ARRDC1 as a mediator of microvesicle budding

Lillian Kuo 1, Eric O Freed 1,1
PMCID: PMC3306698  PMID: 22378650

Eukaryotic cells critically depend on the formation, budding, and scission of membrane-bounded vesicles for many key processes: internalization of cell surface receptors, delivery of cargo proteins to multivesicular bodies (MVBs) and lysosomes for degradation, transport of newly synthesized proteins between intracellular organelles and their delivery to the plasma membrane, and release of microvesicles that function as vehicles for intercellular communication. Although distinct families of proteins and multiprotein complexes have been described that mediate these diverse events in the cell, the field of membrane trafficking remains an active area of investigation. In PNAS, the work by Nabhan et al. (1) describes a role for the arrestin domain-containing protein ARRDC1 in the generation of microvesicles—termed ARRDC1-mediated microvesicles (ARMMs)—that bud directly from the plasma membrane (PM).

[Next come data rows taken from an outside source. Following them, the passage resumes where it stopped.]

(* Let $a,c,p\in\mathbb{C}$ with $-c\notin\mathbb{N}\cup\{0\}$ and $c\neq2$. Write $\sinh(pz)M(a,c;z)=\sum_{n=0}^\infty u_nz^n$, $z\in\mathbb{C}$. Then $u_0=0$, $u_1=p$, $u_2=\frac{ap}{c}$, $u_3=\frac{a(a+1)p}{2c(c+1)}+\frac{p^3}{6}$, $u_4=\frac{ap^3}{6c}+\frac{a(a+1)(a+2)p}{6c(c+1)(c+2)}$, $u_5=\frac{a(a+1)p^3}{12c(c+1)}+\frac{a(a+1)(a+2)(a+3)p}{24c(c+1)(c+2)(c+3)}+\frac{p^5}{120}$, and for all integers $n\ge5$, \[ u_{n+1}=\sum_{i=0}^5\beta_i(n)u_{n-i}, \] where, with $D(n)=(c-2)c\,n(n+1)(c+n-1)(c+n)$, \[ \beta_0(n)=\frac{2\left(a\left(c^2-2cn+c-2(n-2)^2\right)+c(n-1)(2c+n-5)\right)}{(c-2)c(n+1)(c+n)}, \] \[ \beta_1(n)=\frac{1}{D(n)}\Big[(n-4)(n-3)(n-2)(n-1)(4p^2-1)+2(n-3)(n-2)(n-1)\big(4a+c(4p^2-3)\big) +(n-2)(n-1)\big(8a^2+a(4c+6)+c(6(c-2)p^2-6c+1)\big) +2(n-1)\big(a^2(4c-2)-3a(c-1)c+(c-2)c(c+1)p^2\big) +(c-2)\big(-a^2(c+2)+ac+c^2(c+1)p^2\big)\Big], \] \[ \beta_2(n)=\frac{1}{D(n)}\Big[2p^2(c-3)\big(a(3c+8)-2c^2+c-32\big)+2p^2\big(n(10a+c(31-3c)-104)-6(c-6)n^2-4n^3\big) -2(a+n-3)\big(2a^2-a(c-2n+3)-(n-2)(2c+n-4)\big)\Big], \] \[ \beta_3(n)=-\frac{1}{D(n)}\Big[p^2\big(-12a^2+2a(6c+5)-6c^2+c\big)+2(n-3)\big(a+c(4p^2-3)p^2\big) +(a-1)a+5(c-2)cp^4+(n-4)(n-3)(8p^4-6p^2+1)\Big], \] \[ \beta_4(n)=\frac{2p^2\left(p^2(-6a+5c+4(n-4))+3a-2c-n+4\right)}{D(n)},\qquad \beta_5(n)=\frac{4p^6-5p^4+p^2}{D(n)}. \]
   Context: For $a\in\mathbb{C}$, $(a)_n=a(a+1)\cdots(a+n-1)$ denotes the Pochhammer symbol, with $(a)_0=1$. For $a,c\in\mathbb{C}$ with $-c\notin\mathbb{N}\cup\{0\}$, the confluent hypergeometric (Kummer) function is $M(a,c;z)=\sum_{n=0}^\infty \frac{(a)_n}{(c)_n\,n!}z^n$, $z\in\mathbb{C}$. *)

theory Defs
  imports "HOL-Analysis.Analysis"
begin

definition kummerM :: "complex \<Rightarrow> complex \<Rightarrow> complex \<Rightarrow> complex" where
  "kummerM a c z = (\<Sum>n. pochhammer a n / (pochhammer c n * fact n) * z ^ n)"

definition Dn :: "complex \<Rightarrow> complex \<Rightarrow> complex" where
  "Dn c n = (c - 2) * c * n * (n + 1) * (c + n - 1) * (c + n)"

definition beta0 :: "complex \<Rightarrow> complex \<Rightarrow> complex \<Rightarrow> complex \<Rightarrow> complex" where
  "beta0 a c p n = 2 * (a * (c^2 - 2*c*n + c - 2*(n - 2)^2) + c*(n - 1)*(2*c + n - 5))
      / ((c - 2) * c * (n + 1) * (c + n))"

definition beta1 :: "complex \<Rightarrow> complex \<Rightarrow> complex \<Rightarrow> complex \<Rightarrow> complex" where
  "beta1 a c p n = ((n - 4)*(n - 3)*(n - 2)*(n - 1)*(4*p^2 - 1)
      + 2*(n - 3)*(n - 2)*(n - 1)*(4*a + c*(4*p^2 - 3))
      + (n - 2)*(n - 1)*(8*a^2 + a*(4*c + 6) + c*(6*(c - 2)*p^2 - 6*c + 1))
      + 2*(n - 1)*(a^2*(4*c - 2) - 3*a*(c - 1)*c + (c - 2)*c*(c + 1)*p^2)
      + (c - 2)*(- (a^2*(c + 2)) + a*c + c^2*(c + 1)*p^2)) / Dn c n"
(* Let $\tilde U=[\tilde u_1,\dots,\tilde u_N]\in\mathbb R^{d\times N}$ be a normalized embedding, i.e. $\tilde K=\tilde U^\top\tilde U$ satisfies $\tilde K_{kk}=1$ for all $k\in[N]$. Let $C>0$ and $\mathcal H_{\tilde U}=\{w\mid w=\tilde U\beta,\ \beta\in\mathbb R^N,\ \|\beta\|_\infty\le C\}$. Then for $p\in(0,1/2]$, $$R(\mathcal H_{\tilde U},\tilde U,p)\le C\sqrt{2p\,\lambda_1(\tilde K)},$$ where $\lambda_1(\tilde K)$ is the largest eigenvalue of $\tilde K$.
   Context: Transductive Rademacher complexity: for a class $\mathcal H$ of vectors $h\in\mathbb R^d$ and $p\in(0,1/2]$, $R(\mathcal H,\tilde U,p)=\frac1N\mathbb E_\gamma\big[\sup_{h\in\mathcal H}\sum_{k=1}^N\gamma_k h^\top\tilde u_k\big]$, where $\gamma_1,\dots,\gamma_N$ are i.i.d. random variables taking values $+1,-1,0$ with probabilities $p,p,1-2p$. In the paper $\tilde U$ is an embedding of node pairs of a graph (columns indexed by pairs), but the statement only uses that the columns have unit norm. *)

theory Defs
  imports "HOL-Analysis.Analysis"
begin

text \<open>Columns of U :: real^'n^'d are indexed by the finite type 'n (so N = CARD('n)),
  rows by the finite type 'd (so d = CARD('d)).\<close>

definition largest_eigenvalue :: "real^'n^'n \<Rightarrow> real" where
  "largest_eigenvalue A = Max {c. \<exists>v. v \<noteq> 0 \<and> A *v v = c *\<^sub>R v}"

definition gamma_prob :: "real \<Rightarrow> real \<Rightarrow> real" where
  "gamma_prob p g = (if g = 0 then 1 - 2 * p else p)"

text \<open>Transductive Rademacher complexity R(H, U, p): the expectation over the i.i.d.
  gamma in {-1,0,1}^N written out as a finite weighted sum.\<close>
definition trans_rademacher ::
  "(real^'d) set \<Rightarrow> real^'n^'d \<Rightarrow> real \<Rightarrow> real" where
  "trans_rademacher H U p =
     (1 / real CARD('n)) *
     (\<Sum>\<gamma> \<in> PiE (UNIV :: 'n set) (\<lambda>_. {-1, 0, 1 :: real}).
         (\<Prod>k\<in>UNIV. gamma_prob p (\<gamma> k)) *
         (SUP h\<in>H. \<Sum>k\<in>UNIV. \<gamma> k * (h \<bullet> column k U)))"

definition H_class :: "real^'n^'d \<Rightarrow> real \<Rightarrow> (real^'d) set" where
  "H_class U C = {U *v \<beta> | \<beta>. \<forall>k. \<bar>\<beta> $ k\<bar> \<le> C}"

end

theory Submission
  imports Defs
begin

text \<open>Write \<open>K = U\<^sup>T U\<close>, \<open>\<lambda> = \<lambda>\<^sub>1(K)\<close> and \<open>\<gamma>\<close> also for the vector \<open>(\<gamma>\<^sub>1, ..., \<gamma>\<^sub>N)\<close>.
  For \<open>h = U \<beta>\<close> in the class, \<open>\<Sum>\<^sub>k \<gamma>\<^sub>k h \<bullet> u\<^sub>k = \<beta> \<bullet> K \<gamma>\<close>, which is at most
  \<open>C |K \<gamma>|\<^sub>1 \<le> C \<surd>N |K \<gamma>|\<close>. Since \<open>K\<close> is positive semidefinite,
  \<open>|K x|\<^sup>2 \<le> \<lambda> (x \<bullet> K x)\<close>: Cauchy-Schwarz for the form of \<open>K\<close> combined with the
  Rayleigh bound \<open>y \<bullet> K y \<le> \<lambda> |y|\<^sup>2\<close>. By Jensen and \<open>E \<gamma>\<^sub>j \<gamma>\<^sub>k = 2p\<close> if \<open>j = k\<close> and
  \<open>0\<close> otherwise, \<open>E |K \<gamma>| \<le> (\<lambda> E (\<gamma> \<bullet> K \<gamma>))\<^sup>1\<^sup>/\<^sup>2 = (2p \<lambda> tr K)\<^sup>1\<^sup>/\<^sup>2\<close>, and
  \<open>tr K = N\<close> for unit columns. Hence \<open>R \<le> (C \<surd>N / N) \<surd>(2p \<lambda> N) = C \<surd>(2p \<lambda>)\<close>.\<close>

lemma inner_Gram_matrix:
  fixes U :: "real^'n^'d"
  shows "x \<bullet> ((transpose U ** U) *v y) = (U *v x) \<bullet> (U *v y)"
  by (metis dot_lmul_matrix matrix_vector_mul_assoc vector_transpose_matrix)

lemma inner_matrix_symmetric:
  fixes A :: "real^'n^'n"
  assumes "transpose A = A"
  shows "x \<bullet> (A *v y) = (A *v x) \<bullet> y"
  by (metis assms dot_lmul_matrix vector_transpose_matrix)

lemma finite_eigenvalues_symmetric:
  fixes A :: "real^'n^'n"
  assumes sym: "transpose A = A"
  shows "finite {c. \<exists>v. v \<noteq> 0 \<and> A *v v = c *\<^sub>R v}" (is "finite ?E")
proof -
  define f where "f c = (SOME v. v \<noteq> 0 \<and> A *v v = c *\<^sub>R v)" for c
  have f: "f c \<noteq> 0 \<and> A *v f c = c *\<^sub>R f c" if "c \<in> ?E" for c
    using that unfolding f_def by (metis (mono_tags, lifting) mem_Collect_eq someI_ex)
  have inj: "inj_on f ?E"
  proof (rule inj_onI)
    fix a b assume a: "a \<in> ?E" and b: "b \<in> ?E" and "f a = f b"
    then show "a = b" using f[OF a] f[OF b] by (metis scaleR_cancel_right)
  qed
  have "f a \<bullet> f b = 0" if "a \<in> ?E" "b \<in> ?E" "a \<noteq> b" for a b
  proof -
    have "b * (f a \<bullet> f b) = a * (f a \<bullet> f b)"
      using inner_matrix_symmetric[OF sym, of "f a" "f b"] f[OF that(1)] f[OF that(2)] by simp
    then show ?thesis using that(3) by simp
  qed
  then have "pairwise orthogonal (f ` ?E)"
    using inj by (auto simp: pairwise_def orthogonal_def inj_on_def)
  moreover have "0 \<notin> f ` ?E" using f by (metis (no_types, lifting) imageE)
  ultimately have "independent (f ` ?E)" by (rule pairwise_orthogonal_independent)
  then have "finite (f ` ?E)" using independent_bound by blast
  then show ?thesis using inj finite_imageD by blast
qed
lemma tendsto_SUP_mono_family:
  fixes g :: "real \<Rightarrow> real"
  assumes mono: "\<And>T T'. T \<in> I \<Longrightarrow> T' \<in> I \<Longrightarrow> T < T' \<Longrightarrow> g T \<le> g T'"
    and bdd: "bdd_above (g ` I)" and "I \<noteq> {}"
    and F: "\<And>T0. T0 \<in> I \<Longrightarrow> eventually (\<lambda>T. T \<in> I \<and> T0 < T) F"
  shows "(g \<longlongrightarrow> (SUP T\<in>I. g T)) F"
proof (rule order_tendstoI)
  fix a assume "a < (SUP T\<in>I. g T)"
  then obtain T0 where "T0 \<in> I" "a < g T0"
    using less_cSUP_iff[OF \<open>I \<noteq> {}\<close> bdd] by blast
  then show "eventually (\<lambda>T. a < g T) F"
    using mono by (intro eventually_mono[OF F[OF \<open>T0 \<in> I\<close>]]) fastforce
next
  fix a assume "(SUP T\<in>I. g T) < a"
  moreover obtain T0 where "T0 \<in> I"
    using \<open>I \<noteq> {}\<close> by blast
  ultimately show "eventually (\<lambda>T. g T < a) F"
    using cSUP_upper[OF _ bdd] by (intro eventually_mono[OF F[OF \<open>T0 \<in> I\<close>]]) fastforce
qed

lemma harm_Suc_le_one_plus_ln: "(\<Sum>j\<le>i. 1 / real (Suc j)) \<le> 1 + ln (real (Suc i))"
proof -
  have "harm (Suc i) - ln (real (Suc i)) \<le> harm (Suc 0) - ln (real (Suc 0))"
    using decseq_harm_diff_ln[unfolded decseq_def, rule_format, of 0 i] by blast
  moreover have "harm (Suc 0) = (1::real)"
    by (simp add: harm_altdef)
  moreover have "harm (Suc i) = (\<Sum>j\<le>i. 1 / real (Suc j))"
    unfolding harm_altdef lessThan_Suc_atMost by (simp add: inverse_eq_divide)
  ultimately show ?thesis
    by simp
qed
(* Let $a$ be an integer, let $n$ be a positive odd integer, and let $q\neq 1$ be a positive real number. Define the $n\times n$ matrices $$A=\left[q^{\lfloor\frac{aj-(a+1)k}{n}\rfloor}\right]_{1\leqslant j,k\leqslant n},\qquad A'=\left[q^{\lceil\frac{(a+1)j-ak}{n}\rceil}\right]_{1\leqslant j,k\leqslant n}.$$ If $\gcd(a(a+1),n)>1$, then $$\operatorname{rank}(A)\leqslant\frac n3\quad\text{and}\quad \operatorname{rank}(A')\leqslant\frac n3.$$
   Context: $\lfloor x\rfloor$ is the largest integer not exceeding $x$ and $\lceil x\rceil$ is the least integer not smaller than $x$. *)

theory Defs
  imports "Jordan_Normal_Form.DL_Rank"
begin

(* Matrices use 0-based indices in Jordan_Normal_Form; entry (j,k) here
   corresponds to the paper's entry (j+1,k+1). *)
definition matA :: "int \<Rightarrow> nat \<Rightarrow> real \<Rightarrow> real mat" where
  "matA a n q = mat n n (\<lambda>(j,k). q powr real_of_int
      \<lfloor>(real_of_int (a * int (j+1) - (a+1) * int (k+1))) / real n\<rfloor>)"

definition matA' :: "int \<Rightarrow> nat \<Rightarrow> real \<Rightarrow> real mat" where
  "matA' a n q = mat n n (\<lambda>(j,k). q powr real_of_int
      \<lceil>(real_of_int ((a+1) * int (j+1) - a * int (k+1))) / real n\<rceil>)"

end

(*
  Write e(j,k) = floor((a j - (a+1) k) / n). Splitting a j = n floor(a j / n) + (a j mod n) gives
  q^e(j,k) = q^floor(a j / n) * q^floor(((a j mod n) - (a+1) k) / n), so row j of A is a multiple
  of a row that depends only on the residue a j mod n. These residues are multiples of
  g = gcd(a, n), so there are at most n/g of them, and g >= 3 because n is odd. When
  gcd(a+1, n) > 1 one splits off (a+1) k instead and argues with columns; A' is treated in the
  same way after writing ceil x = - floor (- x).
*)
theory Submission imports Defs begin

lemma (in vec_space) rank_le_card_sum_products:
  fixes f g :: "'b \<Rightarrow> nat \<Rightarrow> 'a"
  assumes A: "A \<in> carrier_mat n nc" and fin: "finite C"
    and entries: "\<And>r c. r < n \<Longrightarrow> c < nc \<Longrightarrow> A $$ (r,c) = (\<Sum>i\<in>C. f i r * g i c)"
  shows "rank A \<le> card C"
proof -
  have "rank (mat n nc (\<lambda>(r,c). \<Sum>i\<in>C. f i r * g i c)) \<le> card C"
    using fin
  proof (induction C rule: finite_induct)
    case empty
    have "mat n nc (\<lambda>(r,c). \<Sum>i\<in>{}. f i r * g i c) = 0\<^sub>m n nc"
      by (intro eq_matI) auto
    then show ?case
      by (simp only: rank_0I card.empty order_refl)
  next
    case (insert x C)
    let ?M = "mat n nc (\<lambda>(r,c). \<Sum>i\<in>C. f i r * g i c)"
    let ?P = "mat n nc (\<lambda>(r,c). f x r * g x c)"
    have "mat n nc (\<lambda>(r,c). \<Sum>i\<in>insert x C. f i r * g i c) = ?P + ?M"
      using insert.hyps by (intro eq_matI) auto
    moreover have "rank (?P + ?M) \<le> rank ?P + rank ?M"
      by (rule rank_subadditive) auto
    moreover have "rank ?P \<le> 1"
      by (rule rank_le_1_product_entries) auto
    ultimately show ?case using insert by simp
  qed
  moreover have "A = mat n nc (\<lambda>(r,c). \<Sum>i\<in>C. f i r * g i c)"
    using A entries by (intro eq_matI) auto
  ultimately show ?thesis by simp
qed

lemma (in vec_space) rank_le_card_row_classes:
  fixes \<phi> :: "nat \<Rightarrow> 'a" and \<psi> :: "'b \<Rightarrow> nat \<Rightarrow> 'a"
  assumes "A \<in> carrier_mat n nc"
    and "\<And>r c. r < n \<Longrightarrow> c < nc \<Longrightarrow> A $$ (r,c) = \<phi> r * \<psi> (K r) c"
  shows "rank A \<le> card (K ` {..<n})"
proof (rule rank_le_card_sum_products[OF assms(1)])
  fix r c assume "r < n" "c < nc"
  then show "A $$ (r,c) = (\<Sum>i\<in>K ` {..<n}. (if K r = i then \<phi> r else 0) * \<psi> i c)"
    by (subst sum.cong[OF refl, where h="\<lambda>i. if K r = i then \<phi> r * \<psi> i c else 0"])
      (auto simp: assms(2) sum.delta')
qed simp

lemma (in vec_space) rank_le_card_col_classes:
  fixes \<phi> :: "nat \<Rightarrow> 'a" and \<psi> :: "nat \<Rightarrow> 'b \<Rightarrow> 'a"
  assumes "A \<in> carrier_mat n nc"
    and "\<And>r c. r < n \<Longrightarrow> c < nc \<Longrightarrow> A $$ (r,c) = \<psi> r (K c) * \<phi> c"
  shows "rank A \<le> card (K ` {..<nc})"
proof (rule rank_le_card_sum_products[OF assms(1)])
  fix r c assume "r < n" "c < nc"
  then show "A $$ (r,c) = (\<Sum>i\<in>K ` {..<nc}. \<psi> r i * (if K c = i then \<phi> c else 0))"
    by (subst sum.cong[OF refl, where h="\<lambda>i. if K c = i then \<psi> r i * \<phi> c else 0"])
      (auto simp: assms(2) sum.delta')
qed simp

lemma add_div_eq_div_add_mod_add_div:
  fixes s t N :: int
  assumes "N > 0"
  shows "(s + t) div N = s div N + (s mod N + t) div N"
proof -
  have "s + t = (s mod N + t) + s div N * N"
    by simp
  then have "(s + t) div N = (s mod N + t + s div N * N) div N"
    by (rule arg_cong)
  also have "\<dots> = s div N + (s mod N + t) div N"
    using assms by (intro div_mult_self1) simp
  finally show ?thesis .
qed

lemma (in vec_space) rank_le_card_residues:
  fixes F :: "int \<Rightarrow> 'a" and x y :: "nat \<Rightarrow> int" and N :: int
  assumes A: "A \<in> carrier_mat n nc" and N: "N > 0"
    and F_add: "\<And>s t. F (s + t) = F s * F t"
    and entries: "\<And>r c. r < n \<Longrightarrow> c < nc \<Longrightarrow> A $$ (r,c) = F ((x r + y c) div N)"
  shows "rank A \<le> card ((\<lambda>r. x r mod N) ` {..<n})"
    and "rank A \<le> card ((\<lambda>c. y c mod N) ` {..<nc})"
proof -
  show "rank A \<le> card ((\<lambda>r. x r mod N) ` {..<n})"
  proof (rule rank_le_card_row_classes[OF A, where \<phi> = "\<lambda>r. F (x r div N)"
        and \<psi> = "\<lambda>u c. F ((u + y c) div N)"])
    fix r c assume "r < n" "c < nc"
    then show "A $$ (r,c) = F (x r div N) * F ((x r mod N + y c) div N)"
      by (simp only: entries add_div_eq_div_add_mod_add_div[OF N, of "x r"] F_add)
  qed
  show "rank A \<le> card ((\<lambda>c. y c mod N) ` {..<nc})"
  proof (rule rank_le_card_col_classes[OF A, where \<phi> = "\<lambda>c. F (y c div N)"
        and \<psi> = "\<lambda>r u. F ((u + x r) div N)"])
    fix r c assume "r < n" "c < nc"
    then show "A $$ (r,c) = F ((y c mod N + x r) div N) * F (y c div N)"
      by (simp only: entries add.commute[of "x r"] add_div_eq_div_add_mod_add_div[OF N, of "y c"]
          F_add mult.commute)
  qed
qed

lemma card_mult_residues_le:
  fixes b N :: int and x :: "'b \<Rightarrow> int"
  assumes "N > 0"
  shows "card ((\<lambda>i. (b * x i) mod N) ` I) \<le> nat (N div gcd b N)"
proof -
  let ?g = "gcd b N"
  have g: "?g > 0"
    using assms by simp
  have "(\<lambda>i. (b * x i) mod N) ` I \<subseteq> (\<lambda>m. ?g * m) ` {0..<N div ?g}"
  proof
    fix y assume "y \<in> (\<lambda>i. (b * x i) mod N) ` I"
    then obtain i where y: "y = (b * x i) mod N" by auto
    then have "?g dvd y"
      by (simp add: dvd_mod)
    then obtain m where m: "y = ?g * m" by auto
    have "0 \<le> ?g * m" "?g * m < ?g * (N div ?g)"
      using y m assms by simp_all
    then have "0 \<le> m" "m < N div ?g"
      using g by (simp_all only: zero_le_mult_iff mult_less_cancel_left_pos) linarith
    then show "y \<in> (\<lambda>m. ?g * m) ` {0..<N div ?g}"
      unfolding m by (intro imageI) simp
  qed
  then have "card ((\<lambda>i. (b * x i) mod N) ` I) \<le> card ((\<lambda>m. ?g * m) ` {0..<N div ?g})"
    by (rule card_mono[rotated]) simp
  also have "\<dots> \<le> card {0..<N div ?g}"
    by (rule card_image_le) simp
  finally show ?thesis by simp
qed

lemma (in vec_space) rank_le_div_gcd:
  fixes F :: "int \<Rightarrow> 'a" and x y :: "nat \<Rightarrow> int" and b d N :: int
  assumes A: "A \<in> carrier_mat n nc" and N: "N > 0"
    and F_add: "\<And>s t. F (s + t) = F s * F t"
    and entries: "\<And>r c. r < n \<Longrightarrow> c < nc \<Longrightarrow> A $$ (r,c) = F ((b * x r + d * y c) div N)"
  shows "rank A \<le> nat (N div gcd b N)" and "rank A \<le> nat (N div gcd d N)"
proof -
  note residues = rank_le_card_residues[OF A N F_add, of "\<lambda>r. b * x r" "\<lambda>c. d * y c", OF entries]
  show "rank A \<le> nat (N div gcd b N)"
    using residues(1) card_mult_residues_le[OF N] by (rule le_trans)
  show "rank A \<le> nat (N div gcd d N)"
    using residues(2) card_mult_residues_le[OF N] by (rule le_trans)
qed

lemma three_mult_div_le_if_odd:
  fixes N d :: int
  assumes "odd N" "d dvd N" "d > 1" "N > 0"
  shows "3 * (N div d) \<le> N"
proof -
  have "odd d"
    using assms(1,2) dvd_trans by blast
  with assms(3) have "3 \<le> d"
    by presburger
  moreover have "0 \<le> N div d"
    using assms(3,4) by (simp add: pos_imp_zdiv_nonneg_iff)
  ultimately have "3 * (N div d) \<le> d * (N div d)"
    by (rule mult_right_mono)
  also have "\<dots> = N"
    using assms(2) by simp
  finally show ?thesis .
qed

lemma gcd_mult_gt_1_cases:
  fixes a b N :: int
  assumes "gcd (a * b) N > 1"
  shows "gcd a N > 1 \<or> gcd b N > 1"
proof (rule ccontr)
  assume "\<not> ?thesis"
  moreover have "gcd a N \<noteq> 0" "gcd b N \<noteq> 0"
    using assms by auto
  ultimately have "gcd a N = 1" "gcd b N = 1"
    using gcd_ge_0_int[of a N] gcd_ge_0_int[of b N] by linarith+
  then have "coprime a N" "coprime b N"
    by (simp_all add: coprime_iff_gcd_eq_1)
  then have "coprime (a * b) N"
    by simp
  then show False
    using assms coprime_imp_gcd_eq_1 by (metis less_irrefl)
qed

lemma floor_of_int_divide_of_nat: "\<lfloor>real_of_int m / real n\<rfloor> = m div int n"
  by (metis floor_divide_of_int_eq of_int_of_nat_eq)

lemma matA_entry:
  assumes "j < n" "k < n"
  shows "matA a n q $$ (j,k) = q powr real_of_int ((a * int (j+1) + - (a+1) * int (k+1)) div int n)"
proof -
  have "matA a n q $$ (j,k) = q powr real_of_int ((a * int (j+1) - (a+1) * int (k+1)) div int n)"
    by (simp only: matA_def index_mat(1) assms prod.case floor_of_int_divide_of_nat)
  then show ?thesis
    by (simp only: minus_mult_left diff_conv_add_uminus)
qed

lemma matA'_entry:
  assumes "j < n" "k < n"
  shows "matA' a n q $$ (j,k) = q powr - real_of_int ((- (a+1) * int (j+1) + a * int (k+1)) div int n)"
proof -
  have "matA' a n q $$ (j,k) = q powr real_of_int (- ((- ((a+1) * int (j+1) - a * int (k+1))) div int n))"
    by (simp only: matA'_def index_mat(1) assms prod.case ceiling_def minus_divide_left
        of_int_minus[symmetric] floor_of_int_divide_of_nat)
  moreover have "- ((a+1) * int (j+1) - a * int (k+1)) = - (a+1) * int (j+1) + a * int (k+1)"
    by (simp add: algebra_simps)
  ultimately show ?thesis
    by (simp only: of_int_minus)
qed

theorem lemma3p1:
  fixes a :: int and n :: nat and q :: real
  assumes "n > 0" and "odd n" and "q > 0" and "q \<noteq> 1"
    and "gcd (a * (a + 1)) (int n) > 1"
  shows "real (vec_space.rank n (matA a n q)) \<le> real n / 3
       \<and> real (vec_space.rank n (matA' a n q)) \<le> real n / 3"
proof -
  define N where "N = int n"
  have N: "N > 0" "odd N"
    using assms(1,2) by (simp_all add: N_def)
  have carrier: "matA a n q \<in> carrier_mat n n" "matA' a n q \<in> carrier_mat n n"
    by (simp_all add: matA_def matA'_def)
  have F_add: "\<And>s t. q powr real_of_int (s + t) = q powr real_of_int s * q powr real_of_int t"
    "\<And>s t. q powr - real_of_int (s + t) = q powr - real_of_int s * q powr - real_of_int t"
    by (simp_all only: of_int_add minus_add_distrib powr_add)
  note rank_matA = vec_space.rank_le_div_gcd[where F = "\<lambda>t. q powr real_of_int t",
      OF carrier(1) N(1) F_add(1) matA_entry[where n = n, folded N_def]]
   and rank_matA' = vec_space.rank_le_div_gcd[where F = "\<lambda>t. q powr - real_of_int t",
      OF carrier(2) N(1) F_add(2) matA'_entry[where n = n, folded N_def]]
  obtain b where "b = a \<or> b = - (a + 1)" and b: "gcd b N > 1"
    using gcd_mult_gt_1_cases[OF assms(5)[folded N_def]] by (metis gcd_neg1_int)
  then have "vec_space.rank n (matA a n q) \<le> nat (N div gcd b N)"
    and "vec_space.rank n (matA' a n q) \<le> nat (N div gcd b N)"
    using rank_matA rank_matA' by auto
  moreover have "3 * (N div gcd b N) \<le> N"
    using N b by (intro three_mult_div_le_if_odd) auto
  ultimately show ?thesis
    by (simp add: N_def) linarith
qed

end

Arrestins are well-established regulators of cell signaling pathways, and they act to recruit factors that promote the endocytosis of PM receptors (2). Arrestins can interact directly with ubiquitin ligases, thereby stimulating the ubiquitination of PM receptors and in some cases, the arrestin itself. For example, the work by Lin et al. (3) characterized a family of arrestin-related proteins that recruits the yeast Nedd4-like ubiquitin ligase, Rsp5, to down-regulate the expression of amino acid transporters. Rsp5 was recruited by a PPxY-related motif in the arrestin proteins (3).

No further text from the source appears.